C++ Essential Training
June 23, 2026 – Present
pandas Essential Training
June 23, 2026 – Present
Learning Bash Scripting
June 23, 2026 – Present
NumPy Essential Training: 2 MatPlotlib and Linear Algebra Capabilities
June 23, 2026 – Present
NumPy Essential Training: 1 Foundations of NumPy
June 23, 2026 – Present
Introduction to Programming Using Python
CS50
June 23, 2026 – Present
Additive Manufacturing: Optimizing 3D Prints
June 23, 2026 – Present
SWCAD1.0: SOLIDWORKS CAD Fundamentals
edX
June 23, 2026 – Present
Introduction to Linear Algebra with MATLAB ,Solving Ordinary Differential Equation with MATLAB, MATLAB onramp, Solving Non Linear Equations with MATLAB, Introduction to Symbolic Math with MATLAB, Fundamentals of MATLAB
MathWorks
June 23, 2026 – Present
Cultural Fit Analysis
The candidate's project portfolio is diverse, spanning robotics, computer vision, embedded systems, industrial engineering, and even agricultural entrepreneurship. This breadth indicates adaptability and a willingness to explore different domains. However, the majority of projects and experience lean heavily towards robotics and mechanical engineering, which is not a direct alignment with a typical Data Analyst role. While the analytical skills gained are transferable, the core focus is not data analysis in a business context. The 'Agricultural Entrepreneur' role shows initiative and leadership, which are positive cultural attributes.

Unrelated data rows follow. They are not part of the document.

(* Let $k$ be a field, $\Gamma=(V,E)$ a finite connected quiver, and $I\subseteq R^2$ a two-sided ideal of $k\Gamma$ such that $k\Gamma/I$ is acyclic. Then $\dim_k H^1(k\Gamma,k\Gamma/I)=|\mathfrak{B}_2|+1-|V|$.
   Context: For a path $p$, $t(p),h(p)$ are its start and end vertex; paths multiply by left-to-right concatenation (product $0$ if they do not concatenate). $R$ is the ideal generated by $E$, $\overline{x}=x+I$. A differential operator from $k\Gamma$ to $k\Gamma/I$ is a $k$-linear map with $D(xy)=D(x)\overline{y}+\overline{x}D(y)$; $H^1(k\Gamma,k\Gamma/I)$ is the space of differential operators modulo the inner ones $x\mapsto m\overline{x}-\overline{x}m$ ($m\in k\Gamma/I$). $\mathscr{Q}$ is a fixed $k$-basis of $k\Gamma/I$ consisting of residue classes of paths and containing the classes of all vertices and arrows; $t(\overline{s}),h(\overline{s})$ for $\overline{s}\in\mathscr{Q}$ are the start/end vertex of any representing path (well defined). $k\Gamma/I$ is called acyclic if every $\overline{q}\in\mathscr{Q}$ with $t(\overline{q})=h(\overline{q})$ is the class of a vertex (this does not depend on the choice of $\mathscr{Q}$). $\mathfrak{B}_2=\{D_{r,\overline{s}}\mid r\in E,\ \overline{s}\in\mathscr{Q},\ t(r)=t(\overline{s}),\ h(r)=h(\overline{s})\}$, where $D_{r,\overline{s}}$ is the unique differential operator $k\Gamma\to k\Gamma/I$ with $D_{r,\overline{s}}(r)=\overline{s}$ and vanishing on all other arrows and vertices. *)

theory Defs
  imports Main
begin

text \<open>A quiver is given by a vertex set V, an arrow set E and maps
  src (= t, start vertex) and tgt (= h, end vertex).  A path is a pair
  (v, as) of its start vertex v and its list of arrows (read left to right);
  (v, []) is the trivial path at v.\<close>

type_synonym ('v,'e) qpath = "'v \<times> 'e list"

fun pvalid_aux :: "'v set \<Rightarrow> 'e set \<Rightarrow> ('e \<Rightarrow> 'v) \<Rightarrow> ('e \<Rightarrow> 'v) \<Rightarrow> 'v \<Rightarrow> 'e list \<Rightarrow> bool" where
  "pvalid_aux V E src tgt v [] = (v \<in> V)"
| "pvalid_aux V E src tgt v (a # as) =
     (v \<in> V \<and> a \<in> E \<and> src a = v \<and> pvalid_aux V E src tgt (tgt a) as)"

definition pvalid :: "'v set \<Rightarrow> 'e set \<Rightarrow> ('e \<Rightarrow> 'v) \<Rightarrow> ('e \<Rightarrow> 'v) \<Rightarrow> ('v,'e) qpath \<Rightarrow> bool" where
  "pvalid V E src tgt p = pvalid_aux V E src tgt (fst p) (snd p)"

fun pend_aux :: "('e \<Rightarrow> 'v) \<Rightarrow> 'v \<Rightarrow> 'e list \<Rightarrow> 'v" where
  "pend_aux tgt v [] = v"
| "pend_aux tgt v (a # as) = pend_aux tgt (tgt a) as"

definition pstart :: "('v,'e) qpath \<Rightarrow> 'v" where "pstart p = fst p"

definition pend :: "('e \<Rightarrow> 'v) \<Rightarrow> ('v,'e) qpath \<Rightarrow> 'v" where
  "pend tgt p = pend_aux tgt (fst p) (snd p)"

definition pathalg :: "'v set \<Rightarrow> 'e set \<Rightarrow> ('e \<Rightarrow> 'v) \<Rightarrow> ('e \<Rightarrow> 'v) \<Rightarrow> (('v,'e) qpath \<Rightarrow> 'k::field) set" where
  "pathalg V E src tgt = {x. finite {p. x p \<noteq> 0} \<and> (\<forall>p. x p \<noteq> 0 \<longrightarrow> pvalid V E src tgt p)}"

text \<open>Multiplication: bilinear extension of left-to-right concatenation of paths
  (product 0 if paths do not concatenate).\<close>

definition pmult :: "('e \<Rightarrow> 'v) \<Rightarrow> (('v,'e) qpath \<Rightarrow> 'k::field) \<Rightarrow> (('v,'e) qpath \<Rightarrow> 'k) \<Rightarrow> (('v,'e) qpath \<Rightarrow> 'k)" where
  "pmult tgt x y = (\<lambda>(v, zs). \<Sum>i\<in>{0..length zs}.
      x (v, take i zs) * y (pend_aux tgt v (take i zs), drop i zs))"

definition delta :: "('v,'e) qpath \<Rightarrow> (('v,'e) qpath \<Rightarrow> 'k::field)" where
  "delta p = (\<lambda>q. if q = p then 1 else 0)"

definition vtx :: "'v \<Rightarrow> (('v,'e) qpath \<Rightarrow> 'k::field)" where
  "vtx v = delta (v, [])"

definition arr :: "('e \<Rightarrow> 'v) \<Rightarrow> 'e \<Rightarrow> (('v,'e) qpath \<Rightarrow> 'k::field)" where
  "arr src a = delta (src a, [a])"

definition is_ideal :: "'v set \<Rightarrow> 'e set \<Rightarrow> ('e \<Rightarrow> 'v) \<Rightarrow> ('e \<Rightarrow> 'v) \<Rightarrow> (('v,'e) qpath \<Rightarrow> 'k::field) set \<Rightarrow> bool" where
  "is_ideal V E src tgt J \<longleftrightarrow>
     J \<subseteq> pathalg V E src tgt \<and> (\<lambda>_. 0) \<in> J \<and>
     (\<forall>x\<in>J. \<forall>y\<in>J. (\<lambda>p. x p + y p) \<in> J) \<and>
     (\<forall>c. \<forall>x\<in>J. (\<lambda>p. c * x p) \<in> J) \<and>
     (\<forall>a\<in>pathalg V E src tgt. \<forall>x\<in>J. pmult tgt a x \<in> J \<and> pmult tgt x a \<in> J)"

definition ideal_gen :: "'v set \<Rightarrow> 'e set \<Rightarrow> ('e \<Rightarrow> 'v) \<Rightarrow> ('e \<Rightarrow> 'v) \<Rightarrow> (('v,'e) qpath \<Rightarrow> 'k::field) set \<Rightarrow> (('v,'e) qpath \<Rightarrow> 'k) set" where
  "ideal_gen V E src tgt S = \<Inter>{J. is_ideal V E src tgt J \<and> S \<subseteq> J}"

definition arrow_ideal :: "'v set \<Rightarrow> 'e set \<Rightarrow> ('e \<Rightarrow> 'v) \<Rightarrow> ('e \<Rightarrow> 'v) \<Rightarrow> (('v,'e) qpath \<Rightarrow> 'k::field) set" where
  "arrow_ideal V E src tgt = ideal_gen V E src tgt (arr src ` E)"

definition arrow_ideal_sq :: "'v set \<Rightarrow> 'e set \<Rightarrow> ('e \<Rightarrow> 'v) \<Rightarrow> ('e \<Rightarrow> 'v) \<Rightarrow> (('v,'e) qpath \<Rightarrow> 'k::field) set" where
  "arrow_ideal_sq V E src tgt = ideal_gen V E src tgt
     {pmult tgt r s | r s. r \<in> arrow_ideal V E src tgt \<and> s \<in> arrow_ideal V E src tgt}"

text \<open>Differential operators k\<Gamma> \<rightarrow> k\<Gamma>/I, represented by maps D choosing a
  representative in k\<Gamma> of each value (equalities in k\<Gamma>/I become membership of
  differences in I); D is extensional (0 outside k\<Gamma>).\<close>

definition is_diff_op :: "'v set \<Rightarrow> 'e set \<Rightarrow> ('e \<Rightarrow> 'v) \<Rightarrow> ('e \<Rightarrow> 'v) \<Rightarrow> (('v,'e) qpath \<Rightarrow> 'k::field) set
     \<Rightarrow> ((('v,'e) qpath \<Rightarrow> 'k) \<Rightarrow> (('v,'e) qpath \<Rightarrow> 'k)) \<Rightarrow> bool" where
  "is_diff_op V E src tgt I D \<longleftrightarrow>
     (\<forall>x. x \<notin> pathalg V E src tgt \<longrightarrow> D x = (\<lambda>_. 0)) \<and>
     (\<forall>x\<in>pathalg V E src tgt. D x \<in> pathalg V E src tgt) \<and>
     (\<forall>x\<in>pathalg V E src tgt. \<forall>y\<in>pathalg V E src tgt. \<forall>a b.
        (\<lambda>p. D (\<lambda>q. a * x q + b * y q) p - (a * D x p + b * D y p)) \<in> I) \<and>
     (\<forall>x\<in>pathalg V E src tgt. \<forall>y\<in>pathalg V E src tgt.
        (\<lambda>p. D (pmult tgt x y) p - (pmult tgt (D x) y p + pmult tgt x (D y) p)) \<in> I)"

definition is_inner_op :: "'v set \<Rightarrow> 'e set \<Rightarrow> ('e \<Rightarrow> 'v) \<Rightarrow> ('e \<Rightarrow> 'v) \<Rightarrow> (('v,'e) qpath \<Rightarrow> 'k::field) set
     \<Rightarrow> ((('v,'e) qpath \<Rightarrow> 'k) \<Rightarrow> (('v,'e) qpath \<Rightarrow> 'k)) \<Rightarrow> bool" where
  "is_inner_op V E src tgt I D \<longleftrightarrow> is_diff_op V E src tgt I D \<and>
     (\<exists>m\<in>pathalg V E src tgt. \<forall>x\<in>pathalg V E src tgt.
        (\<lambda>p. D x p - (pmult tgt m x p - pmult tgt x m p)) \<in> I)"

definition lincomb :: "('f \<Rightarrow> 'k::field) \<Rightarrow> 'f set \<Rightarrow> ('f \<Rightarrow> 'x \<Rightarrow> 'y \<Rightarrow> 'k) \<Rightarrow> ('x \<Rightarrow> 'y \<Rightarrow> 'k)" where
  "lincomb c S ev = (\<lambda>x p. \<Sum>D\<in>S. c D * ev D x p)"

definition quot_dim :: "(('x \<Rightarrow> 'y \<Rightarrow> 'k::field)) set \<Rightarrow> ('x \<Rightarrow> 'y \<Rightarrow> 'k) set \<Rightarrow> nat \<Rightarrow> bool" where
  "quot_dim A B n \<longleftrightarrow> (\<exists>S. finite S \<and> card S = n \<and> S \<subseteq> A \<and>
     (\<forall>c. lincomb c S id \<in> B \<longrightarrow> (\<forall>D\<in>S. c D = 0)) \<and>
     (\<forall>D\<in>A. \<exists>c. (\<lambda>x p. D x p - lincomb c S id x p) \<in> B))"

definition H1_dim :: "'v set \<Rightarrow> 'e set \<Rightarrow> ('e \<Rightarrow> 'v) \<Rightarrow> ('e \<Rightarrow> 'v) \<Rightarrow> (('v,'e) qpath \<Rightarrow> 'k::field) set \<Rightarrow> nat \<Rightarrow> bool" where
  "H1_dim V E src tgt I n \<longleftrightarrow>
     quot_dim {D. is_diff_op V E src tgt I D} {D. is_inner_op V E src tgt I D} n"

definition path_basis_mod :: "'v set \<Rightarrow> 'e set \<Rightarrow> ('e \<Rightarrow> 'v) \<Rightarrow> ('e \<Rightarrow> 'v) \<Rightarrow> (('v,'e) qpath \<Rightarrow> 'k::field) set
     \<Rightarrow> ('v,'e) qpath set \<Rightarrow> bool" where
  "path_basis_mod V E src tgt I Q \<longleftrightarrow>
     (\<forall>q\<in>Q. pvalid V E src tgt q) \<and>
     (\<forall>F c. finite F \<and> F \<subseteq> Q \<and> (\<lambda>p. \<Sum>q\<in>F. c q * (delta q p :: 'k)) \<in> I \<longrightarrow> (\<forall>q\<in>F. c q = 0)) \<and>
     (\<forall>x\<in>pathalg V E src tgt. \<exists>F c. finite F \<and> F \<subseteq> Q \<and>
        (\<lambda>p. x p - (\<Sum>q\<in>F. c q * delta q p)) \<in> I)"

definition quiver_connected :: "'v set \<Rightarrow> 'e set \<Rightarrow> ('e \<Rightarrow> 'v) \<Rightarrow> ('e \<Rightarrow> 'v) \<Rightarrow> bool" where
  "quiver_connected V E src tgt \<longleftrightarrow> V \<noteq> {} \<and>
     (\<forall>u\<in>V. \<forall>v\<in>V. (u, v) \<in> (\<Union>a\<in>E. {(src a, tgt a), (tgt a, src a)})\<^sup>*)"

definition B2 :: "'e set \<Rightarrow> ('e \<Rightarrow> 'v) \<Rightarrow> ('e \<Rightarrow> 'v) \<Rightarrow> ('v,'e) qpath set \<Rightarrow> ('e \<times> ('v,'e) qpath) set" where
  "B2 E src tgt Q = {(r, q). r \<in> E \<and> q \<in> Q \<and> src r = pstart q \<and> tgt r = pend tgt q}"

end

theory Submission
  imports Defs
begin

(* A derivation k\<Gamma> \<rightarrow> k\<Gamma>/I is determined modulo I by its values on vertices and arrows.
  Subtracting the inner derivation [m0, -] with m0 = sum_w D(e_w) e_w kills the vertices, after
  which D(a) lies in e_t(a) (k\<Gamma>/I) e_h(a); hence every derivation is, modulo inner ones, a
  combination of the basic derivations D_(r,s) indexed by B_2.  The inner derivations are in turn
  combinations of the D_(a,a): [e_v, -] = sum_a inc(v,a) D_(a,a) with the signed incidence inc.
  Fixing a spanning tree, this lets us drop the |V| - 1 derivations D_(a,a) of tree arrows.  The
  remaining ones are independent modulo inner derivations: by acyclicity an element m commuting
  with all e_v modulo I is congruent to sum_v lambda_v e_v, so [m, -] acts on an arrow a by
  lambda_t(a) - lambda_h(a); this vanishes on tree arrows, so lambda is constant and [m, -] = 0. *)

section \<open>Paths and the path algebra\<close>

lemma pend_aux_append: "pend_aux tgt v (as @ bs) = pend_aux tgt (pend_aux tgt v as) bs"
  by (induction as arbitrary: v) auto

lemma pvalid_aux_start: "pvalid_aux V E src tgt v as \<Longrightarrow> v \<in> V"
  by (cases as) auto

lemma pvalid_aux_append:
  "pvalid_aux V E src tgt v (as @ bs) \<longleftrightarrow>
     pvalid_aux V E src tgt v as \<and> pvalid_aux V E src tgt (pend_aux tgt v as) bs"
  by (induction as arbitrary: v) (auto dest: pvalid_aux_start)

lemma pvalid_aux_end: "pvalid_aux V E src tgt v as \<Longrightarrow> pend_aux tgt v as \<in> V"
  by (induction as arbitrary: v) auto

lemma pvalid_aux_set: "pvalid_aux V E src tgt v as \<Longrightarrow> set as \<subseteq> E"
  by (induction as arbitrary: v) auto

lemma long_path_has_cycle:
  assumes finV: "finite V" and val: "pvalid_aux V E src tgt v zs" and len: "card V \<le> length zs"
  obtains as cs bs where "zs = as @ cs @ bs" "cs \<noteq> []"
    "pend_aux tgt (pend_aux tgt v as) cs = pend_aux tgt v as"
proof -
  let ?n = "length zs"
  define f where "f i = pend_aux tgt v (take i zs)" for i
  have fV: "f ` {0..?n} \<subseteq> V"
  proof
    fix y assume "y \<in> f ` {0..?n}"
    then obtain i where y: "y = f i" by auto
    have "pvalid_aux V E src tgt v (take i zs @ drop i zs)" using val by simp
    then have "pvalid_aux V E src tgt v (take i zs)" by (simp only: pvalid_aux_append)
    then show "y \<in> V" using y by (simp add: f_def pvalid_aux_end)
  qed
  have "card (f ` {0..?n}) \<le> card V" using fV finV by (rule card_mono[rotated])
  then have "card (f ` {0..?n}) < card {0..?n}" using len by simp
  then have "\<not> inj_on f {0..?n}" by (rule pigeonhole)
  then obtain i j where ij: "i \<in> {0..?n}" "j \<in> {0..?n}" "i \<noteq> j" "f i = f j"
    unfolding inj_on_def by blast
  obtain i j where ij: "i < j" "j \<le> ?n" "f i = f j"
  proof (cases "i < j")
    case True then show ?thesis using that ij by auto
  next
    case False then show ?thesis using that[of j i] ij by auto
  qed
  define cs where "cs = drop i (take j zs)"
  have tj: "take j zs = take i zs @ cs"
    unfolding cs_def by (metis append_take_drop_id ij(1) less_imp_le_nat min.absorb1 take_take)
  show ?thesis
  proof (rule that)
    show "zs = take i zs @ cs @ drop j zs" by (metis append.assoc append_take_drop_id tj)
    show "cs \<noteq> []" using ij unfolding cs_def by simp
    show "pend_aux tgt (pend_aux tgt v (take i zs)) cs = pend_aux tgt v (take i zs)"
      using ij(3) unfolding f_def by (metis pend_aux_append tj)
  qed
qed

Soft Skills & Operational Fit
The candidate's project descriptions highlight skills such as problem-solving, mathematical modeling, project management, critical thinking, and collaboration. The 'Agricultural Entrepreneur and Manager' role also indicates leadership, business development, and strategic planning. These soft skills suggest a good operational fit for roles requiring independent work, team collaboration, and strategic thinking, although the direct relevance to a Data Analyst role needs further validation.